In these exercises we will review some of the functionality for genomic and functional annotation of peaks.
We will be using output from the differential peak analysis of ATACseq Week 6 vs Week 0. The starting table can be found in the ‘data’ folder of the course.
Â
Read in the differential output table ‘ATAC_W6MinusD0.xlsx’, make a GRanges and do the following:
library(ChIPseeker)
library(TxDb.Mmusculus.UCSC.mm10.knownGene)
W6MinusD0 <- rio::import("data/ATAC_W6MinusD0.xlsx")
W6MinusD0_gr <- GRanges(seqnames = W6MinusD0$seqnames,
IRanges(start = W6MinusD0$start, end = W6MinusD0$end),
log2FoldChange = W6MinusD0$log2FoldChange,
padj = W6MinusD0$padj)
peakAnno_all <- annotatePeak(W6MinusD0_gr, tssRegion=c(-1000, 1000),
TxDb=TxDb.Mmusculus.UCSC.mm10.knownGene,
annoDb="org.Mm.eg.db")
W6MinusD0_gr_main <- W6MinusD0_gr[as.vector(seqnames(W6MinusD0_gr)) %in% paste0("chr", c(1:19, "X", "Y", "M"))]
W6MinusD0_gr_up <- W6MinusD0_gr_main[W6MinusD0_gr_main$log2FoldChange > 1 & W6MinusD0_gr_main$padj < 0.05, ]
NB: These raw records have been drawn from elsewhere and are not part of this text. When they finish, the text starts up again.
lemma emeasure_pair_wsum_above:
  "emeasure (F \<Otimes>\<^sub>M F) (wsum_above x y1 y2) = (\<integral>\<^sup>+u1. \<integral>\<^sup>+u2. indicator {x<..} (u1 * y1 + u2 * y2) \<partial>F \<partial>F)"
proof -
  interpret FF: pair_prob_space F F ..
  have "wsum_above x y1 y2 \<in> sets (F \<Otimes>\<^sub>M F)"
  proof -
    have "{p \<in> space (F \<Otimes>\<^sub>M F). 0 \<le> fst p \<and> 0 \<le> snd p \<and> x < fst p * y1 + snd p * y2} \<in> sets (F \<Otimes>\<^sub>M F)"
      by measurable
    then show ?thesis
      by (simp add: space_pair_measure wsum_above_def)
  qed
  then have "emeasure (F \<Otimes>\<^sub>M F) (wsum_above x y1 y2)
      = (\<integral>\<^sup>+u1. \<integral>\<^sup>+u2. indicator (wsum_above x y1 y2) (u1, u2) \<partial>F \<partial>F)"
    by (rule F.emeasure_pair_measure)
  also have "\<dots> = (\<integral>\<^sup>+u1. \<integral>\<^sup>+u2. indicator {x<..} (u1 * y1 + u2 * y2) \<partial>F \<partial>F)"
    using AE_F_nonneg
  proof (intro nn_integral_cong_AE, eventually_elim)
    case (elim u1)
    show ?case
      using AE_F_nonneg elim
      by (intro nn_integral_cong_AE) (auto elim!: eventually_mono simp: indicator_def wsum_above_def)
  qed
  finally show ?thesis .
qed

lemma emeasure_product_law_convolution_greaterThan:
  "emeasure (product_law F G \<star> product_law F G) {x<..}
    = (\<integral>\<^sup>+y1. \<integral>\<^sup>+y2. emeasure (F \<Otimes>\<^sub>M F) (wsum_above x y1 y2) \<partial>G \<partial>G)"
proof -
  interpret H: real_distribution "product_law F G"
    by (rule real_distribution_product_law)
  define K where "K a = (\<integral>\<^sup>+y2. \<integral>\<^sup>+u2. indicator {x<..} (a + u2 * y2) \<partial>F \<partial>G)" for a
  have [measurable]: "K \<in> borel_measurable borel"
    unfolding K_def by measurable
  have "emeasure (product_law F G \<star> product_law F G) {x<..}
      = (\<integral>\<^sup>+a. \<integral>\<^sup>+b. indicator {x<..} (a + b) \<partial>product_law F G \<partial>product_law F G)"
    by (intro convolution_emeasure') (auto simp: H.finite_measure_axioms)
  also have "\<dots> = (\<integral>\<^sup>+a. K a \<partial>product_law F G)"
    unfolding K_def by (intro nn_integral_cong nn_integral_product_law) measurable
  also have "\<dots> = (\<integral>\<^sup>+y1. \<integral>\<^sup>+u1. K (u1 * y1) \<partial>F \<partial>G)"
    by (rule nn_integral_product_law) measurable
  also have "\<dots> = (\<integral>\<^sup>+y1. \<integral>\<^sup>+y2. emeasure (F \<Otimes>\<^sub>M F) (wsum_above x y1 y2) \<partial>G \<partial>G)"
    unfolding K_def emeasure_pair_wsum_above
    by (intro nn_integral_cong FG.Fubini'[symmetric]) measurable
  finally show ?thesis .
qed

end

context real_distribution
begin

lemma emeasure_pair_Times_UNIV: "A \<in> sets borel \<Longrightarrow> emeasure (M \<Otimes>\<^sub>M M) (A \<times> UNIV) = emeasure M A"
  using emeasure_pair_measure_Times[of A M UNIV] emeasure_space_1 by simp

lemma emeasure_pair_UNIV_Times: "B \<in> sets borel \<Longrightarrow> emeasure (M \<Otimes>\<^sub>M M) (UNIV \<times> B) = emeasure M B"
  using emeasure_pair_measure_Times[of UNIV M B] emeasure_space_1 by simp

lemma emeasure_greaterThan_divide_le_scaled_tail:
  assumes "0 < x" "0 < y"
  shows "emeasure M {x / y<..} \<le> scaled_tail M x y"
  unfolding scaled_tail_def
proof (intro emeasure_mono)
  show "{x / y<..} \<subseteq> {u. 0 \<le> u \<and> x < u * y}"
    using assms by (auto simp: pos_divide_less_eq less_imp_le[OF order.strict_trans[OF divide_pos_pos]])
qed simp

lemma scaled_tail_mono: "0 \<le> a \<Longrightarrow> a \<le> y \<Longrightarrow> scaled_tail M x a \<le> scaled_tail M x y"
  unfolding scaled_tail_def
  by (intro emeasure_mono) (auto intro: order.strict_trans2 mult_left_mono)

lemma scaled_tail_max_le: "scaled_tail M x (max y1 y2) \<le> scaled_tail M x y1 + scaled_tail M x y2"
  by (cases "y1 \<le> y2") (auto simp: max_def add_increasing add_increasing2)

end

section \<open>Tail of the convolution square of the product law\<close>

definition wsum_above_both :: "real \<Rightarrow> real \<Rightarrow> real \<Rightarrow> real \<Rightarrow> (real \<times> real) set" where
  "wsum_above_both h x y1 y2 = wsum_above x y1 y2 \<inter> {p. h < fst p * y1 \<and> h < snd p * y2}"

text \<open>Cutoffs for the weights: a summand \<open>u y > h\<close> forces \<open>u > s\<^sub>0\<close> when \<open>y \<le> L'\<close> and
  \<open>u > s\<close> when \<open>y \<le> L\<close>; the three tail conditions make the leftover terms at most \<open>e H(x)\<close>.\<close>
locale product_cutoffs = subexponential_law F + G: real_distribution G for F G +
  fixes e C L L' s0 s h :: real
  assumes AE_G_nonneg: "AE y in G. 0 \<le> y"
    and e_pos: "0 < e" and C_pos: "0 < C"
    and sum_tail_le: "\<And>t. measure (F \<Otimes>\<^sub>M F) {p. t < fst p + snd p} \<le> C * measure F {t<..}"
    and both_above_le: "\<And>t. measure (F \<Otimes>\<^sub>M F) (both_above s0 t) \<le> e * measure F {t<..}"
    and cutoffs: "0 < L" "L \<le> L'" "0 < s0" "s0 \<le> s" "s * L \<le> h" "s0 * L' \<le> h"
    and G_tail_L: "C * measure G {L<..} \<le> e"
    and G_tail_L': "measure G {L'<..} \<le> e * measure G {2 * L<..}"
    and F_tail_s: "measure F {s<..} \<le> e * measure F {2 * s0<..}"
begin

sublocale nonneg_product F G
  by unfold_locales (rule AE_nonneg)

abbreviation T :: "real \<Rightarrow> real \<Rightarrow> ennreal" where
  "T \<equiv> scaled_tail F"

lemma both_above_le_emeasure: "emeasure (F \<Otimes>\<^sub>M F) (both_above s0 t) \<le> ennreal e * emeasure F {t<..}"
  using both_above_le[of t] e_pos
  by (simp add: FF.P.emeasure_eq_measure emeasure_eq_measure ennreal_mult[symmetric] ennreal_leI)

lemma sum_tail_le_emeasure:
  "emeasure (F \<Otimes>\<^sub>M F) {p. t < fst p + snd p} \<le> ennreal C * emeasure F {t<..}"
  using sum_tail_le[of t] C_pos
  by (simp add: FF.P.emeasure_eq_measure emeasure_eq_measure ennreal_mult[symmetric] ennreal_leI)

lemma wsum_above_both_sets: "wsum_above_both h' x y1 y2 \<in> sets (F \<Otimes>\<^sub>M F)"
proof -
  have "{p \<in> space (F \<Otimes>\<^sub>M F). 0 \<le> fst p \<and> 0 \<le> snd p \<and> x < fst p * y1 + snd p * y2
      \<and> h' < fst p * y1 \<and> h' < snd p * y2} \<in> sets (F \<Otimes>\<^sub>M F)"
    by measurable
  then show ?thesis
    by (simp add: space_pair_measure wsum_above_both_def wsum_above_def conj_assoc)
qed

lemma emeasure_wsum_above_both_swap:
  "emeasure (F \<Otimes>\<^sub>M F) (wsum_above_both h' x y2 y1) = emeasure (F \<Otimes>\<^sub>M F) (wsum_above_both h' x y1 y2)"
proof -
  have "emeasure (F \<Otimes>\<^sub>M F) (wsum_above_both h' x y1 y2)
      = emeasure (distr (F \<Otimes>\<^sub>M F) (F \<Otimes>\<^sub>M F) (\<lambda>(a, b). (b, a))) (wsum_above_both h' x y1 y2)"
    by (subst FF.distr_pair_swap) simp
  also have "\<dots> = emeasure (F \<Otimes>\<^sub>M F) ((\<lambda>(a, b). (b, a)) -` wsum_above_both h' x y1 y2 \<inter> space (F \<Otimes>\<^sub>M F))"
    by (intro emeasure_distr wsum_above_both_sets) (simp add: measurable_pair_swap')
  also have "(\<lambda>(a, b). (b, a)) -` wsum_above_both h' x y1 y2 \<inter> space (F \<Otimes>\<^sub>M F) = wsum_above_both h' x y2 y1"
    by (auto simp: wsum_above_both_def wsum_above_def space_pair_measure)
  finally show ?thesis
    by simp
qed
peakAnno_up <- annotatePeak(W6MinusD0_gr_up, tssRegion=c(-1000, 1000),
TxDb=TxDb.Mmusculus.UCSC.mm10.knownGene,
annoDb="org.Mm.eg.db")
plotAnnoBar(list(all_peaks = peakAnno_all, SigUp_peaks = peakAnno_up),
title = "ATACseq peak distribution")
Perform functional enrichment using the genes that have significant increases in ATACseq signal within peaks located in their promoters.
library(clusterProfiler)
library(org.Mm.eg.db)
library(enrichplot)
library(ggplot2)
# get universe of genes
allGeneGR <- genes(TxDb.Mmusculus.UCSC.mm10.knownGene)
allGeneGR[1:2,]
allGeneIDs <- allGeneGR$gene_id
up_atac_GR <- as.GRanges(peakAnno_up)
up_atac_GR_prom <- up_atac_GR[grepl("Promoter", up_atac_GR$annotation)]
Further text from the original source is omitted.